Treatment may involve surgical management to address the underlying cause, nonsurgical management of symptoms, or both. The objective of this review was to determine the efficacy, safety, costs, and cost-effectiveness of surgical versus nonsurgical interventions in adults with symptomatic lumbar radiculopathy.

METHODS

We searched PubMed from January 1, 2007, to April 10, 2019 using relevant medical subject headings (MeSH) and keywords (Appendix A of the Online Supplement). We also searched the Cochrane Library and clinicaltrials.gov. We hand-searched systematic reviews and key articles to identify studies published prior to 2007. Inclusion criteria included English-language, randomized or controlled trials in adults with symptomatic lumbar radiculopathy not related to infection, cancer, congenital, or major traumatic etiologies. Eligible interventions included discectomy, laminectomy, laminotomy, foraminotomy, nucleotomy, and nucleoplasty, including micro- and minimally invasive approaches. Eligible nonsurgical comparators included physical therapy, pharmacologic treatment, spinal manipulation, chiropractic treatment, or combinations thereof. We selected studies that reported pain, functioning, psychological distress, quality of life (QOL), neurologic symptoms, or return to work at least 4 weeks post randomization or later. We also selected studies that reported surgical mortality, surgery-related morbidity, reoperations, persistent opioid use, or cost outcomes.
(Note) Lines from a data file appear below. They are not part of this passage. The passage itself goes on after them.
lemma word_mset_surj: "set_mset M \<subseteq> S \<Longrightarrow> \<exists>w\<in>lists S. word_mset w = M"
proof (induction M)
  case empty
  show ?case by (intro bexI[of _ "[]"]) auto
next
  case (add x M)
  then obtain w where w: "w \<in> lists S" "word_mset w = M" and "x \<in> S" by auto
  then have "act w x \<in> S" using bij_act bij_betw_apply by metis
  then show ?case
    using w \<open>x \<in> S\<close> act_inv_act by (intro bexI[of _ "w @ [act w x]"]) (auto simp: word_mset_snoc)
qed

lemma word_mset_Cons_cancel:
  assumes "x \<in> S" "v \<in> lists S" "w \<in> lists S" "word_mset (x # v) = word_mset (x # w)"
  shows "word_mset v = word_mset w"
proof -
  have "image_mset (ldiv x) (word_mset v) = image_mset (ldiv x) (word_mset w)"
    using assms(4) by simp
  then show ?thesis
    by (metis assms(1-3) image_mset_op_ldiv word_mset_subset)
qed

lemma word_mset_Cons_exchange:
  assumes S: "x \<in> S" "y \<in> S" "v \<in> lists S" "w \<in> lists S"
    and "x \<noteq> y" and eq: "word_mset (x # v) = word_mset (y # w)"
  obtains r where "r \<in> lists S"
    "word_mset v = word_mset (op x y # r)" "word_mset w = word_mset (op y x # r)"
proof -
  have v_sub: "set_mset (word_mset v) \<subseteq> S" and w_sub: "set_mset (word_mset w) \<subseteq> S"
    using S word_mset_subset by auto
  define R where "R = image_mset (ldiv x) (word_mset v) - {#y#}"
  have "y \<in># image_mset (ldiv x) (word_mset v)"
    using eq \<open>x \<noteq> y\<close> by (metis word_mset.simps(2) insert_noteq_member)
  then have Rx: "image_mset (ldiv x) (word_mset v) = add_mset y R"
    by (simp add: R_def)
  then have Ry: "image_mset (ldiv y) (word_mset w) = add_mset x R"
    using eq by (simp add: add_mset_commute)
  have "set_mset (image_mset (ldiv x) (word_mset v)) \<subseteq> S"
    using v_sub S(1) by auto
  then have R_sub: "set_mset R \<subseteq> S"
    using Rx by simp
  have v_R: "word_mset v = add_mset (op x y) (image_mset (op x) R)"
    using image_mset_op_ldiv[OF S(1) v_sub] Rx by simp
  have w_R: "word_mset w = add_mset (op y x) (image_mset (op y) R)"
    using image_mset_op_ldiv[OF S(2) w_sub] Ry by simp
  have tails_eq: "image_mset (op (op x y)) (image_mset (op x) R) = image_mset (op (op y x)) (image_mset (op y) R)"
    unfolding multiset.map_comp comp_def
    using R_sub S cycle_identity by (intro image_mset_cong) auto
  have "set_mset (image_mset (op (op x y)) (image_mset (op x) R)) \<subseteq> S"
    using R_sub S by auto
  then obtain r where r: "r \<in> lists S" "word_mset r = image_mset (op (op x y)) (image_mset (op x) R)"
    using word_mset_surj by blast
  have "set_mset (image_mset (op x) R) \<subseteq> S" "set_mset (image_mset (op y) R) \<subseteq> S"
    using R_sub S by auto
  note cancel = image_mset_ldiv_op[OF _ this(1)] image_mset_ldiv_op[OF _ this(2)]
  have "word_mset v = word_mset (op x y # r)"
    using v_R r(2) S cancel(1) by simp
  moreover have "word_mset w = word_mset (op y x # r)"
    using w_R r(2) S cancel(2) unfolding tails_eq by simp
  ultimately show ?thesis
    using that r(1) by blast
qed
We excluded studies conducted in countries not rated “very high” on the 2016 United Nations Human Development Index.8

Title and abstracts were screened by a single team member after dual independent review of the first 50 titles and abstracts showed high interrater reliability (Light’s kappa = 0.84). Full-text articles were dually reviewed for eligibility. Data abstraction was completed by one team member and reviewed for accuracy by a second. The risk of bias of included studies was independently assessed by two team members using the Cochrane Risk of Bias (RoB 2.0) tool9 for trials and the Quality of Health Economic Studies (QHES) instrument10 for cost studies; discrepancies were resolved by discussion. We rated the risk of bias at the study level unless outcomes within the study warranted different ratings.

We considered outcomes reported at less than 12 weeks to be short-term, outcomes reported between 12 and up to 52 weeks to be medium-term, and outcomes reported at 52 weeks or later to be long-term. For cost outcomes, we adjusted outcomes in foreign currency to United States (U.S.) dollars based on the U.S. Department of Treasury mid-year exchange rate for the year reported and then used the chain-weighted consumer price index to adjust to 2010 U.S. dollars.11, 12 We calculated absolute mean differences (AMD) between groups and conducted statistical significance testing when not reported if possible. We synthesized findings in narrative and tabular formats. When we had at least three studies reporting similar outcomes and follow-up timing, we used Stata (version 15) to calculate a pooled standardized mean difference (SMD) using a random effects model.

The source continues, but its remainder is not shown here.